Task instructions: Track down each line below containing the string "definition" and copy it.

Entries shown:
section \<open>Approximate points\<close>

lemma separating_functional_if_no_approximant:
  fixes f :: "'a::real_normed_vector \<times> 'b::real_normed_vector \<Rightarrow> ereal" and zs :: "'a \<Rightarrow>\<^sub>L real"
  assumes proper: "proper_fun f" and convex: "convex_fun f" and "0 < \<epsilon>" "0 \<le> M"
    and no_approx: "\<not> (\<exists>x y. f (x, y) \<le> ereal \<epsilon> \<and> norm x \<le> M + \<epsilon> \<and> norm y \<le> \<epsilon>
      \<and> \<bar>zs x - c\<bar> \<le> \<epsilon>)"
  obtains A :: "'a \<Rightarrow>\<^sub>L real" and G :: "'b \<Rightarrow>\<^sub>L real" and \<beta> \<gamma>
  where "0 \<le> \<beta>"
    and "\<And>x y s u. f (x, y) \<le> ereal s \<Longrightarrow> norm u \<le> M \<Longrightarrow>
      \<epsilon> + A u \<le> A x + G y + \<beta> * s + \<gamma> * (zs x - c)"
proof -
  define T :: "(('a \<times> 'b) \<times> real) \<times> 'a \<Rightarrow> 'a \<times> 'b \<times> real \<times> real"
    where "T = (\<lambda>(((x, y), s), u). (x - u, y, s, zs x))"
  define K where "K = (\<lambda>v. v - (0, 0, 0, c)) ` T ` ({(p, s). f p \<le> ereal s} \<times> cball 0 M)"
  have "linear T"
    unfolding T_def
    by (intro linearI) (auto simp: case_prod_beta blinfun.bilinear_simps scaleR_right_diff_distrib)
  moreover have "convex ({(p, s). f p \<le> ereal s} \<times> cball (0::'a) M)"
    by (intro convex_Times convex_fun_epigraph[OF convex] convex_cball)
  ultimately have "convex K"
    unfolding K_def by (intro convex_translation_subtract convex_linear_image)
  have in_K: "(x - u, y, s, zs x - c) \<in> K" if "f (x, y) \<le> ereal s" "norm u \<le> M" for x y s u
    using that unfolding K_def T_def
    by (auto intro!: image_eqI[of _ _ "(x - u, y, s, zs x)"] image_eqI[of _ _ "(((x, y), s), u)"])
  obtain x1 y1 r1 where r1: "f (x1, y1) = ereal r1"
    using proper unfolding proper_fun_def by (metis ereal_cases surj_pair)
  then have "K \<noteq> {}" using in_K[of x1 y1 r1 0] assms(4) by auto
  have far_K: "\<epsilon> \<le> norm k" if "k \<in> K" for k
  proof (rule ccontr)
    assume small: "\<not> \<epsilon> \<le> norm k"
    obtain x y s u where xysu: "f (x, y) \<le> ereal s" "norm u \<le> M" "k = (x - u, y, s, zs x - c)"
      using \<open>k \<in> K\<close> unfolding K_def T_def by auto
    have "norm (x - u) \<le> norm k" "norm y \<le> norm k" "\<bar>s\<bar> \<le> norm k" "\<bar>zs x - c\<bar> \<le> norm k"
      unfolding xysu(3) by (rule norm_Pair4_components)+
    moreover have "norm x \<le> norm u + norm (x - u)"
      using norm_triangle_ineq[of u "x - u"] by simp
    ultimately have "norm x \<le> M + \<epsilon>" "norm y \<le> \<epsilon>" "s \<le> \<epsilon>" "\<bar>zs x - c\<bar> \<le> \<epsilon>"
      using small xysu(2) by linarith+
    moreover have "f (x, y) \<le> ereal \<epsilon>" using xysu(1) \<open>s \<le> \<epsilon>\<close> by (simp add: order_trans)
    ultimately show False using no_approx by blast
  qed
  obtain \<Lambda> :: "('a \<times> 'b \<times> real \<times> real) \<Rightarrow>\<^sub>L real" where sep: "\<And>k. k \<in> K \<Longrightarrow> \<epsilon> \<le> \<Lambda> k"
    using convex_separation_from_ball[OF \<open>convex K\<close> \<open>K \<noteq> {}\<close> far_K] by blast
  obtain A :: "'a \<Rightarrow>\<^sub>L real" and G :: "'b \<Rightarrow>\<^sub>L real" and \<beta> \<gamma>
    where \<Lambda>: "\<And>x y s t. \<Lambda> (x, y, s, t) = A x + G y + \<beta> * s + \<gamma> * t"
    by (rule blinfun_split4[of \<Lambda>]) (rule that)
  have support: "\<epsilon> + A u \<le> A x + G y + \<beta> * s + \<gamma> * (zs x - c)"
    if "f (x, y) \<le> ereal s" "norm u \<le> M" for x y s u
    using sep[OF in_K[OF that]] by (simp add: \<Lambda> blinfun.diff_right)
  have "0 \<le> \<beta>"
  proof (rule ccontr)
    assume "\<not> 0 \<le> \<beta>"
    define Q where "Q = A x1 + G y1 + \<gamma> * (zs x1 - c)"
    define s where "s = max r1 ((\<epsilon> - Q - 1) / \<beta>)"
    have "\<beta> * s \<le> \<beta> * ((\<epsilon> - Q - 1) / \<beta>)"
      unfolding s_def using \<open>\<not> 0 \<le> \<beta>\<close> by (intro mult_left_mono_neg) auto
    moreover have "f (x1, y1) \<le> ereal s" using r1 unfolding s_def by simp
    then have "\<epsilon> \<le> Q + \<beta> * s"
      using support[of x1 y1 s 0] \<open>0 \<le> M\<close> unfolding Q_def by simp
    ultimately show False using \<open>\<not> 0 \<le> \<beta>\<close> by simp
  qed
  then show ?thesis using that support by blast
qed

==

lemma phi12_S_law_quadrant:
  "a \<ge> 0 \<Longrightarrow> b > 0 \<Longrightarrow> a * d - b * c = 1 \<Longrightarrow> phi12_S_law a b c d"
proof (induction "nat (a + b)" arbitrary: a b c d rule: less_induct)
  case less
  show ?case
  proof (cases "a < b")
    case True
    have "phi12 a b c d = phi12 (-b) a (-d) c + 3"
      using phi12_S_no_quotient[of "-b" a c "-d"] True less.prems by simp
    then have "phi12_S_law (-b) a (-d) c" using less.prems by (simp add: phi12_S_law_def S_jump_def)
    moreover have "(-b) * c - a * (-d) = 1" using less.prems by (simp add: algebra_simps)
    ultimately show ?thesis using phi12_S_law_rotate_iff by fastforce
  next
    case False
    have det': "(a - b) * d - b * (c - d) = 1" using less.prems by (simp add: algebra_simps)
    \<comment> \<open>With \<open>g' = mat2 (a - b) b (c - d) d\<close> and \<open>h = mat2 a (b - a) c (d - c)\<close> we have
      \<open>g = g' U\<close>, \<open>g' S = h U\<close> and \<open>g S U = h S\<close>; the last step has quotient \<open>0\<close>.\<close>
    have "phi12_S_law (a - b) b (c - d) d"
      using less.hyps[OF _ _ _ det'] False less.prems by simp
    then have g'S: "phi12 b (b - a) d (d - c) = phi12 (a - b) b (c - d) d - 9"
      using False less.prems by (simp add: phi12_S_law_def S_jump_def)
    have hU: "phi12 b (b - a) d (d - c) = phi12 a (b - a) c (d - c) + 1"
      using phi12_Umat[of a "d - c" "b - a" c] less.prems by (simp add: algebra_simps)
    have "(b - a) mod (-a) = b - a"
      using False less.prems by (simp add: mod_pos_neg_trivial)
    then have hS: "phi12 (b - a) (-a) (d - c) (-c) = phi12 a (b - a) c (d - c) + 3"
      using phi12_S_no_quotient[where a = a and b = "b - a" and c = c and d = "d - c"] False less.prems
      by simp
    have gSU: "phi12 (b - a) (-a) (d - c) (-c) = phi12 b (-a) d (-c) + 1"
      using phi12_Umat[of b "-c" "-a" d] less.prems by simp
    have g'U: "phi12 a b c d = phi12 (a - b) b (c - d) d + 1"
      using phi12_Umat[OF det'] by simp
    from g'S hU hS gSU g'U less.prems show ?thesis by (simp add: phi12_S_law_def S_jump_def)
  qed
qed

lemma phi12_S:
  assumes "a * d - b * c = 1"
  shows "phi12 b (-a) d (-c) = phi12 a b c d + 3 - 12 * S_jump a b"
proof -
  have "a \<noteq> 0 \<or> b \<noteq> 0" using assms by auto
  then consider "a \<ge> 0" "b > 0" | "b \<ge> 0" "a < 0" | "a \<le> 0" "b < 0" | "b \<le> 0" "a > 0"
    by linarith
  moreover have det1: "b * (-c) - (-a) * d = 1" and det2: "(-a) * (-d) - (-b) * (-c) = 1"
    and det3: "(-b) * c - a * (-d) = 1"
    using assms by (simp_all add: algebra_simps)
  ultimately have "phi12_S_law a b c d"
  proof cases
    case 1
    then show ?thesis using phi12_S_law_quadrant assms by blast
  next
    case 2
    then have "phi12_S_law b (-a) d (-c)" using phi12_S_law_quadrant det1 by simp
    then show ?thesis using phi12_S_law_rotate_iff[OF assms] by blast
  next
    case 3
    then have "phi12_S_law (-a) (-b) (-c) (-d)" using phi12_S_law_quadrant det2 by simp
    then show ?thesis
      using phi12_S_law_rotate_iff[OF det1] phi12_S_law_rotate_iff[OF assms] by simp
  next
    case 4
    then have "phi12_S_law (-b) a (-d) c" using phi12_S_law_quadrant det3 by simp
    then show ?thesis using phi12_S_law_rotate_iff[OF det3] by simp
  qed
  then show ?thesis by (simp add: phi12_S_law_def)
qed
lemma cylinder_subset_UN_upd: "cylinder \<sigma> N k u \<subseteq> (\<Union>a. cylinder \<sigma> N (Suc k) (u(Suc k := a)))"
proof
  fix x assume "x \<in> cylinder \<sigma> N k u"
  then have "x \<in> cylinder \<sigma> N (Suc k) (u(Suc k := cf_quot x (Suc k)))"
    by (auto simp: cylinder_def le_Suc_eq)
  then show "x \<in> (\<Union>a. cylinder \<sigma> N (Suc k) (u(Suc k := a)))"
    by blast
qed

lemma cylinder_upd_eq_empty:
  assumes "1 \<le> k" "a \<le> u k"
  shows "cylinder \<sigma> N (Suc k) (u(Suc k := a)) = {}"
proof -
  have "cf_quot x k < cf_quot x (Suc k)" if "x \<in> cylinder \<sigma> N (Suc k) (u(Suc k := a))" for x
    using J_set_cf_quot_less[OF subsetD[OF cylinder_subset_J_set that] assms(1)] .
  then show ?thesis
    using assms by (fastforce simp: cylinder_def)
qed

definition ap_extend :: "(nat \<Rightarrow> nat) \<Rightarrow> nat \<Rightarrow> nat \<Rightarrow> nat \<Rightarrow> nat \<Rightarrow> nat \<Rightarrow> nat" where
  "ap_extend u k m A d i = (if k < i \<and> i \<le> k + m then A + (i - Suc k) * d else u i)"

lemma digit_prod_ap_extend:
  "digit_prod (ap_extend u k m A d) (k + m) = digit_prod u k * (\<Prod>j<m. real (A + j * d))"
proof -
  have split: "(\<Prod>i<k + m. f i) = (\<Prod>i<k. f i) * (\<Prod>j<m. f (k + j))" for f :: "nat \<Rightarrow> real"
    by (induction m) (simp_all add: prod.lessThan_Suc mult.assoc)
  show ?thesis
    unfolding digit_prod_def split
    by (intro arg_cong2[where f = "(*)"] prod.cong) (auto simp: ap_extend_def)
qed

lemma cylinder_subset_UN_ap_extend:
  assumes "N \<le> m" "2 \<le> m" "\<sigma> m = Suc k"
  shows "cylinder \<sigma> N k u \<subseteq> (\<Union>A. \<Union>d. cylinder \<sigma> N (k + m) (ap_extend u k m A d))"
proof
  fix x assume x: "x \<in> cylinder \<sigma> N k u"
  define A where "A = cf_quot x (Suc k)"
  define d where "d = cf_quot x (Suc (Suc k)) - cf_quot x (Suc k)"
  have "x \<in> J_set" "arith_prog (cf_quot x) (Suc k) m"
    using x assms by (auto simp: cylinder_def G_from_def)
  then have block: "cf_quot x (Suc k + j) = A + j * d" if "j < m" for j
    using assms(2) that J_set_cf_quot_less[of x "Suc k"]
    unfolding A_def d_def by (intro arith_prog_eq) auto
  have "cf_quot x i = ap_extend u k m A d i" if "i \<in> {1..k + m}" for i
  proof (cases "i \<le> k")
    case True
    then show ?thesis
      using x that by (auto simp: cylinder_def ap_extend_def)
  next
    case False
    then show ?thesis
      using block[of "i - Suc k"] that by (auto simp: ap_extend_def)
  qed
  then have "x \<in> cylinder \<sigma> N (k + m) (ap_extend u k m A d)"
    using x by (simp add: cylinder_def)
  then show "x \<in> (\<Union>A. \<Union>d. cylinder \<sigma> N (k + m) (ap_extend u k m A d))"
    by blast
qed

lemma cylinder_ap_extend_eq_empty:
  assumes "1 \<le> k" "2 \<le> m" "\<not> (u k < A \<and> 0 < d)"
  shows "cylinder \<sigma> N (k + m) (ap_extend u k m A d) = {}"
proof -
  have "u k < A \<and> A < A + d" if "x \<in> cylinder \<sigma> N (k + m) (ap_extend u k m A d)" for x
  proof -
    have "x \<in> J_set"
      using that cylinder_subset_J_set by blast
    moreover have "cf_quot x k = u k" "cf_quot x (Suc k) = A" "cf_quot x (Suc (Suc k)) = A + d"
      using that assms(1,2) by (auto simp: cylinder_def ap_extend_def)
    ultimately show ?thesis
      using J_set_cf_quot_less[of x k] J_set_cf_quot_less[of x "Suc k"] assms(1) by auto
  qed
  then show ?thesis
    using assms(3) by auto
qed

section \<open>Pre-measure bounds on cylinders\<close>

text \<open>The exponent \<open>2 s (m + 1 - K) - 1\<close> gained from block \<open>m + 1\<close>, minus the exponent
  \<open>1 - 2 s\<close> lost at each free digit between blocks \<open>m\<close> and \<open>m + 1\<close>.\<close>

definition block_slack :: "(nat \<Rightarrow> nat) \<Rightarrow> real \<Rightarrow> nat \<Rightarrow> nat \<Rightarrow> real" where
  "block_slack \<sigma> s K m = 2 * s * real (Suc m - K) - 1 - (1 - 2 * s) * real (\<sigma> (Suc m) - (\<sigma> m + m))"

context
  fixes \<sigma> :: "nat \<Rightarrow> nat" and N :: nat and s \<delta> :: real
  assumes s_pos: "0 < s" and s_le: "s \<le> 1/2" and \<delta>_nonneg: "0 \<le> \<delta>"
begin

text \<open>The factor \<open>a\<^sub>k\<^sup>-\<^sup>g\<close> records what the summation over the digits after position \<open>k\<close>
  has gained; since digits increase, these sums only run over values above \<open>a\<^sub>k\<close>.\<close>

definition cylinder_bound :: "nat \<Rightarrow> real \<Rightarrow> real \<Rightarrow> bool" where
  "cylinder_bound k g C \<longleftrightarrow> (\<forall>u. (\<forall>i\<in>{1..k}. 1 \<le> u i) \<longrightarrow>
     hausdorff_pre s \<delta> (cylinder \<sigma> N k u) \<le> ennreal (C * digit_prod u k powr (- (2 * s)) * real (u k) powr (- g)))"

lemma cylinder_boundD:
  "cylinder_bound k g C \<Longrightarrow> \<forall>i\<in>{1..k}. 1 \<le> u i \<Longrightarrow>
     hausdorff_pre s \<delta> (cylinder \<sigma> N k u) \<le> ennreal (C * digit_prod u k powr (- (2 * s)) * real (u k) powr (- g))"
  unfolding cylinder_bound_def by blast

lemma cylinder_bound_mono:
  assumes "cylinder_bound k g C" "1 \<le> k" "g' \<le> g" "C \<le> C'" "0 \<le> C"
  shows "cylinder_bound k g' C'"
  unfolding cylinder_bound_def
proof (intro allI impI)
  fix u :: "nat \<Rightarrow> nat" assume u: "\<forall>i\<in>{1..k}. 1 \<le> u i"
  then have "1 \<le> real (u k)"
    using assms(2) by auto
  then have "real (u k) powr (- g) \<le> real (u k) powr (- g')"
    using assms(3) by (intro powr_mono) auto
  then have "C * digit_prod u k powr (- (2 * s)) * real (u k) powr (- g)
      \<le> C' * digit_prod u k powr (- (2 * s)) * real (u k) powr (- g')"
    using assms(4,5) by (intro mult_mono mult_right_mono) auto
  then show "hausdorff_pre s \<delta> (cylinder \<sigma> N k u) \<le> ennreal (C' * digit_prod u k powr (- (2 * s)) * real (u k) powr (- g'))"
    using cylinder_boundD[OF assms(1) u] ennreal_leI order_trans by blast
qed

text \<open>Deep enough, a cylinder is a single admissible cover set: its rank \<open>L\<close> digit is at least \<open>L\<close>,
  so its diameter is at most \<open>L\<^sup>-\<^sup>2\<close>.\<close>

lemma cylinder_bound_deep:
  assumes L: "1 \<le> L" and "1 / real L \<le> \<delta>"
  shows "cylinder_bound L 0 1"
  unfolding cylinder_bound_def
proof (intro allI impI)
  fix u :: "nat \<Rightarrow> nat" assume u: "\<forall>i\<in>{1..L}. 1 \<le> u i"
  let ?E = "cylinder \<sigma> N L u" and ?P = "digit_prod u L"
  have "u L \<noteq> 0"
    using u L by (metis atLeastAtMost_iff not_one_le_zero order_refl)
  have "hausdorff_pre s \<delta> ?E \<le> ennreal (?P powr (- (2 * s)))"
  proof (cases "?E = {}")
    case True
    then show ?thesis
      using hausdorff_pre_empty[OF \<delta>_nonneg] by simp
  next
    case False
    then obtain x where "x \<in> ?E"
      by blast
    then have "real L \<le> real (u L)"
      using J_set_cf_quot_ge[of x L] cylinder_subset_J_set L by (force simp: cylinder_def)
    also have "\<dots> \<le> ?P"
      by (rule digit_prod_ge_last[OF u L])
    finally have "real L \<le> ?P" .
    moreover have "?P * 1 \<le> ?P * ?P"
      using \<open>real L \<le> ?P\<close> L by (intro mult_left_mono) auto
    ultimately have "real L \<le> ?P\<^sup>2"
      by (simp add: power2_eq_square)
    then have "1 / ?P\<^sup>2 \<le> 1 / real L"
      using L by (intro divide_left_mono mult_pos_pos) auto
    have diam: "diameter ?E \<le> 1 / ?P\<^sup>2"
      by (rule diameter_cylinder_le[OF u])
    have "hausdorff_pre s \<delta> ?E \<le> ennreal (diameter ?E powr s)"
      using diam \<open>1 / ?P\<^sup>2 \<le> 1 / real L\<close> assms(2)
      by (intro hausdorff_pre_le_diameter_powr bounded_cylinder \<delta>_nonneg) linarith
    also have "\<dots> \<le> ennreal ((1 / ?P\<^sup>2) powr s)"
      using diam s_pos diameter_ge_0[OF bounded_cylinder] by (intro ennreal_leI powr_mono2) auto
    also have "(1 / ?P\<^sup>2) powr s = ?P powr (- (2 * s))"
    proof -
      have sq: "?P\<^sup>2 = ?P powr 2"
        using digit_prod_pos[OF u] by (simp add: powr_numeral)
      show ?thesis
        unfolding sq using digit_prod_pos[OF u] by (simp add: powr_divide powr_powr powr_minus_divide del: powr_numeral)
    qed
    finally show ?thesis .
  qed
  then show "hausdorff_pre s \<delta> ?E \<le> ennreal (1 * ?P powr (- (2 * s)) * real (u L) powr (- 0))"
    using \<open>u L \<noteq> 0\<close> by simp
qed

Answer to this task:
definition ap_extend :: "(nat \<Rightarrow> nat) \<Rightarrow> nat \<Rightarrow> nat \<Rightarrow> nat \<Rightarrow> nat \<Rightarrow> nat \<Rightarrow> nat" where
definition block_slack :: "(nat \<Rightarrow> nat) \<Rightarrow> real \<Rightarrow> nat \<Rightarrow> nat \<Rightarrow> real" where
definition cylinder_bound :: "nat \<Rightarrow> real \<Rightarrow> real \<Rightarrow> bool" where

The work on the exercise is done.